I have been processing the situation in Palestine and Israel since the latest round of attacks commenced. I have wanted to write about it. But what can one say?
It is devastating. It is wrong. We all think and we all say very similar things. And I have questioned what writing about it will do. A friend encapsulated it perfectly in his Facebook status last week; the innocent who are caught up highlight the tragedy of it, the innocent on both sides, all sides. And that is what we all respond to. That is what captures our emotions and escalates our grief. But what after that?
The conflict itself is ages old. It does no good to point fingers all that way back. In the modern world, it is easy to blame Israel, a formerly displaced nation of people. However, as we all know there are innocent people on all sides. I am upset that Israel, so heavily supported by the US, whose people suffered so keenly during World War Two, have not chosen to demonstrate that we, as humans, can learn and grow and change. That the powers there believe it is okay to do what was done to them, actions that still scar the generations that follow.
It really does trouble me. As the daughter of a German-born father, who was only four when the war ended, I have carried some of the shame and responsibility that Germany has carried. I have always taught Holocaust awareness. I have also taught about Israel and Palestine. What is happening was predictable. But we did nothing to stop what was inevitable.
Travelling to Europe in 2010 was illuminating for me. My sister and I went to the Terezin Camp in what is now the Czech Republic, in metres of snow and very cold temperatures, very rugged up. It was very moving. To know that people suffered there, especially children, through no fault of their own. And then to Berlin, where the people have tried to acknowledge what was grievously wrong through remembering it. We visit these places, we build memorials, so that we remember the history, in the hope that we will not repeat it.

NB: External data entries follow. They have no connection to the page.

definition balanced_selection ::
    "('a::real_vector \<Rightarrow> real) \<Rightarrow> nat \<Rightarrow> nat \<Rightarrow> (nat \<Rightarrow> 'a set) \<Rightarrow> real \<Rightarrow> (nat \<Rightarrow> nat \<Rightarrow> 'a) \<Rightarrow> bool"
  where
  "balanced_selection nrm N s T E chi \<longleftrightarrow> r_selection N s T chi \<and>
     (\<forall>n\<in>{1..N}. \<forall>l\<in>{1..s}. nrm (\<Sum>i\<in>{1..n}. chi i l - (1 / real s) *\<^sub>R (\<Sum>v\<in>T i. v)) \<le> E)"

lemma balanced_selection_singletons:
  assumes "is_norm nrm" and "\<And>i. i \<in> {1..N} \<Longrightarrow> card (T i) = 1"
  shows "balanced_selection nrm N 1 T 0 (\<lambda>i l. the_elem (T i))"
proof -
  have T: "T i = {the_elem (T i)}" if "i \<in> {1..N}" for i
    using assms(2)[OF that] by (metis card_1_singletonE the_elem_eq)
  have "(\<Sum>i\<in>{1..n}. the_elem (T i) - (1 / real 1) *\<^sub>R (\<Sum>v\<in>T i. v)) = 0" if "n \<in> {1..N}" for n
    using that by (intro sum.neutral ballI) (subst (2) T, auto)
  then show ?thesis
    using T is_norm_zero[OF assms(1)] unfolding balanced_selection_def r_selection_def by auto
qed

lemma balanced_selection_halving:
  fixes nrm :: "'a::real_vector \<Rightarrow> real"
  assumes nrm: "is_norm nrm" and "2 \<le> s" and a: "a = s div 2"
    and T: "\<And>i. i \<in> {1..N} \<Longrightarrow> finite (T i) \<and> card (T i) = s \<and> A i \<subseteq> T i \<and> card (A i) = a"
    and A_error: "\<And>n. n \<in> {1..N} \<Longrightarrow>
      nrm (\<Sum>i\<in>{1..n}. (\<Sum>v\<in>A i. v) - (real a / real s) *\<^sub>R (\<Sum>v\<in>T i. v)) \<le> 2 * real d"
    and chA: "balanced_selection nrm N a A (2 * real d * halving_bound a) chA"
    and chB: "balanced_selection nrm N (s - a) (\<lambda>i. T i - A i) (2 * real d * halving_bound (s - a)) chB"
  shows "balanced_selection nrm N s T (2 * real d * halving_bound s)
    (\<lambda>i l. if l \<le> a then chA i l else chB i (l - a))"
  unfolding balanced_selection_def
proof (intro conjI ballI)
  have "a + (s - a) = s"
    using a by simp
  then have "r_selection N s (\<lambda>i. A i \<union> (T i - A i)) (\<lambda>i l. if l \<le> a then chA i l else chB i (l - a))"
    using r_selection_append[of N a A chA "s - a" "\<lambda>i. T i - A i" chB] chA chB
    unfolding balanced_selection_def by auto
  then show "r_selection N s T (\<lambda>i l. if l \<le> a then chA i l else chB i (l - a))"
    by (rule r_selection_mono) (use T in blast)
  fix n l assume n: "n \<in> {1..N}" and l: "l \<in> {1..s}"
  have T': "\<And>i. i \<in> {1..n} \<Longrightarrow> finite (T i) \<and> card (T i) = s \<and> A i \<subseteq> T i \<and> card (A i) = a"
    using T n by auto
  show "nrm (\<Sum>i\<in>{1..n}. (if l \<le> a then chA i l else chB i (l - a)) - (1 / real s) *\<^sub>R (\<Sum>v\<in>T i. v))
      \<le> 2 * real d * halving_bound s"
  proof (cases "l \<le> a")
    case True
    then have "nrm (\<Sum>i\<in>{1..n}. chA i l - (1 / real a) *\<^sub>R (\<Sum>v\<in>A i. v)) \<le> 2 * real d * halving_bound a"
      using chA n l unfolding balanced_selection_def by auto
    then show ?thesis
      using halving_error_le[OF nrm \<open>2 \<le> s\<close> _ _ A_error[OF n]] a True by simp
  next
    case False
    have "nrm (\<Sum>i\<in>{1..n}. (\<Sum>v\<in>T i - A i. v) - (real (s - a) / real s) *\<^sub>R (\<Sum>v\<in>T i. v))
        = nrm (\<Sum>i\<in>{1..n}. (\<Sum>v\<in>A i. v) - (real a / real s) *\<^sub>R (\<Sum>v\<in>T i. v))"
      by (rule complement_prefix_error[OF nrm]) (use T' \<open>2 \<le> s\<close> in auto)
    then have B_error: "nrm (\<Sum>i\<in>{1..n}. (\<Sum>v\<in>T i - A i. v) - (real (s - a) / real s) *\<^sub>R (\<Sum>v\<in>T i. v))
        \<le> 2 * real d"
      using A_error[OF n] by simp
    have "l - a \<in> {1..s - a}"
      using l False by auto
    then have "nrm (\<Sum>i\<in>{1..n}. chB i (l - a) - (1 / real (s - a)) *\<^sub>R (\<Sum>v\<in>T i - A i. v))
        \<le> 2 * real d * halving_bound (s - a)"
      using chB n unfolding balanced_selection_def by blast
    then show ?thesis
      using halving_error_le[OF nrm \<open>2 \<le> s\<close> _ _ B_error] a False by simp
  qed
qed

lemma exists_balanced_selection:
  fixes nrm :: "'a::euclidean_space \<Rightarrow> real" and T :: "nat \<Rightarrow> 'a set"
  assumes nrm: "is_norm nrm" and "s \<ge> 1"
    and "\<And>i. i \<in> {1..N} \<Longrightarrow> finite (T i) \<and> card (T i) = s \<and> T i \<subseteq> {v. nrm v \<le> 1}"
  shows "\<exists>chi. balanced_selection nrm N s T (2 * real DIM('a) * halving_bound s) chi"
  using assms(2,3)
proof (induction s arbitrary: T rule: less_induct)
  case (less s)
  show ?case
  proof (cases "s = 1")
    case True
    then show ?thesis
      using balanced_selection_singletons[OF nrm, of N T] less.prems(2) by (auto simp: halving_bound_def)
  next
    case False
    define a where "a = s div 2"
    have "2 \<le> s" "1 \<le> a" "a < s" "1 \<le> s - a" "s - a < s"
      using False less.prems(1) unfolding a_def by auto
    obtain A where A: "\<forall>i\<in>{1..N}. A i \<subseteq> T i \<and> card (A i) = a" and A_error: "\<forall>n\<in>{1..N}.
        nrm (\<Sum>i\<in>{1..n}. (\<Sum>v\<in>A i. v) - (real a / real (card (T i))) *\<^sub>R (\<Sum>v\<in>T i. v)) \<le> 2 * real DIM('a)"
      using exists_balanced_subsets[OF nrm, of N T "\<lambda>_. a"] less.prems(2) \<open>a < s\<close> by force
    have A_error': "nrm (\<Sum>i\<in>{1..n}. (\<Sum>v\<in>A i. v) - (real a / real s) *\<^sub>R (\<Sum>v\<in>T i. v))
        \<le> 2 * real DIM('a)" if "n \<in> {1..N}" for n
    proof -
      have "(\<Sum>i\<in>{1..n}. (\<Sum>v\<in>A i. v) - (real a / real (card (T i))) *\<^sub>R (\<Sum>v\<in>T i. v))
          = (\<Sum>i\<in>{1..n}. (\<Sum>v\<in>A i. v) - (real a / real s) *\<^sub>R (\<Sum>v\<in>T i. v))"
        using less.prems(2) that by (intro sum.cong) auto
      then show ?thesis
        using A_error[rule_format, OF that] by simp
    qed
    have T: "finite (T i) \<and> card (T i) = s \<and> A i \<subseteq> T i \<and> card (A i) = a" if "i \<in> {1..N}" for i
      using less.prems(2) A that by blast
    have "finite (A i) \<and> card (A i) = a \<and> A i \<subseteq> {v. nrm v \<le> 1}"
      "finite (T i - A i) \<and> card (T i - A i) = s - a \<and> T i - A i \<subseteq> {v. nrm v \<le> 1}"
      if "i \<in> {1..N}" for i
      using T[OF that] less.prems(2)[OF that] by (auto simp: card_Diff_subset finite_subset)
    then obtain chA chB where "balanced_selection nrm N a A (2 * real DIM('a) * halving_bound a) chA"
      and "balanced_selection nrm N (s - a) (\<lambda>i. T i - A i) (2 * real DIM('a) * halving_bound (s - a)) chB"
      using less.IH[OF \<open>a < s\<close> \<open>1 \<le> a\<close>, of A] less.IH[OF \<open>s - a < s\<close> \<open>1 \<le> s - a\<close>, of "\<lambda>i. T i - A i"]
      by blast
    then show ?thesis
      using balanced_selection_halving[OF nrm \<open>2 \<le> s\<close> a_def T A_error'] by blast
  qed
qed

theorem theorem4:
  fixes nrm :: "real ^ 'd \<Rightarrow> real"
    and V :: "nat \<Rightarrow> (real ^ 'd) set"
    and N r :: nat
  assumes "is_norm nrm"
    and "N \<ge> 1" and "r \<ge> 1"
    and "\<And>i. i \<in> {1..N} \<Longrightarrow> finite (V i)"
    and "\<And>i. i \<in> {1..N} \<Longrightarrow> V i \<subseteq> {v. nrm v \<le> 1}"
    and "\<And>i. i \<in> {1..N} \<Longrightarrow> card (V i) \<ge> r"
  shows "\<exists>chi. r_selection N r V chi \<and>
           (\<forall>n\<in>{1..N}. \<forall>l\<in>{1..r}.
              nrm (\<Sum>i\<in>{1..n}. chi i l - (1 / real (card (V i))) *\<^sub>R (\<Sum>v\<in>V i. v))
                \<le> 5 * real CARD('d))"
proof -
  obtain T where T: "\<forall>i\<in>{1..N}. T i \<subseteq> V i \<and> card (T i) = r"
    and T_error: "\<forall>n\<in>{1..N}. nrm (\<Sum>i\<in>{1..n}. (\<Sum>v\<in>T i. v) - (real r / real (card (V i))) *\<^sub>R (\<Sum>v\<in>V i. v))
      \<le> 2 * real DIM(real ^ 'd)"
    using exists_balanced_subsets[OF assms(1), of N V "\<lambda>_. r"] assms(4-6) by blast
  obtain chi where chi: "balanced_selection nrm N r T (2 * real DIM(real ^ 'd) * halving_bound r) chi"
    using exists_balanced_selection[OF assms(1,3), of N T] T assms(4,5) by (meson finite_subset subset_trans)
  have "nrm (\<Sum>i\<in>{1..n}. chi i l - (1 / real (card (V i))) *\<^sub>R (\<Sum>v\<in>V i. v)) \<le> 5 * real CARD('d)"
    if "n \<in> {1..N}" "l \<in> {1..r}" for n l
  proof -
    have "nrm (\<Sum>i\<in>{1..n}. chi i l - (1 / real (card (V i))) *\<^sub>R (\<Sum>v\<in>V i. v))
        \<le> 2 * real DIM(real ^ 'd) * (halving_bound r + 1 / real r)"
      using selection_error_compose[OF assms(1) _ _ T_error[rule_format, OF that(1)]] chi that assms(3)
      unfolding balanced_selection_def by (simp add: algebra_simps)
    also have "\<dots> \<le> 5 * real CARD('d)"
      using halving_bound_le[OF assms(3)] by simp
    finally show ?thesis .
  qed
  moreover have "r_selection N r V chi"
    using chi T unfolding balanced_selection_def by (blast intro: r_selection_mono)
  ultimately show ?thesis
    by blast
qed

But we do not control what those in power do, and it is times like these that remind us that we really are the puppets of those ‘in charge’.
We say we are the smartest of all species because we act beyond instinct alone. Hmmm … food for thought there. I strongly doubt our intelligence and our sanity as a species. Our smarts have ensured that we destroy our planet, our local environments, other species and ourselves. If this is smart, give me instinct. Our quest for power has made us thieves. And has made us inhuman.
And so, what good does writing about it do?
Probably not much, if anything. I wish I knew what I could do to change it. I wish I possessed the courage to find out and to do it.
We trust our governments to act on our behalf. We trust our governments to protect us. I think though, that governments are eroding this trust. Not just through their inaction in Palestine/Israel or their poor action in supporting one side over the other, but through their own governance at home, or lack thereof.
People suffer everywhere, every day. I don’t. I am happy. I am blessed. And I am grateful for that but I wonder if it has made me complacent as I have aged. People warned me that my idealism and my passion would dwindle as I aged and I cheekily scoffed at them, reminding them that it was a choice to be outraged.
So with regards to this issue, once I would have fired up and become angry, demanding justice by joining groups and writing letters. I have always prided myself on the notion that I don’t stand idly by when injustice reigns. And in my work I hope to inspire the children I teach and the colleagues I work with to continue the fight for us, our kids, and the longevity of our profession. But even that isn’t as fervently chased as it used to be.
And so I write. As children are bombed. Killed. Destroyed.
But what else is there for me to do?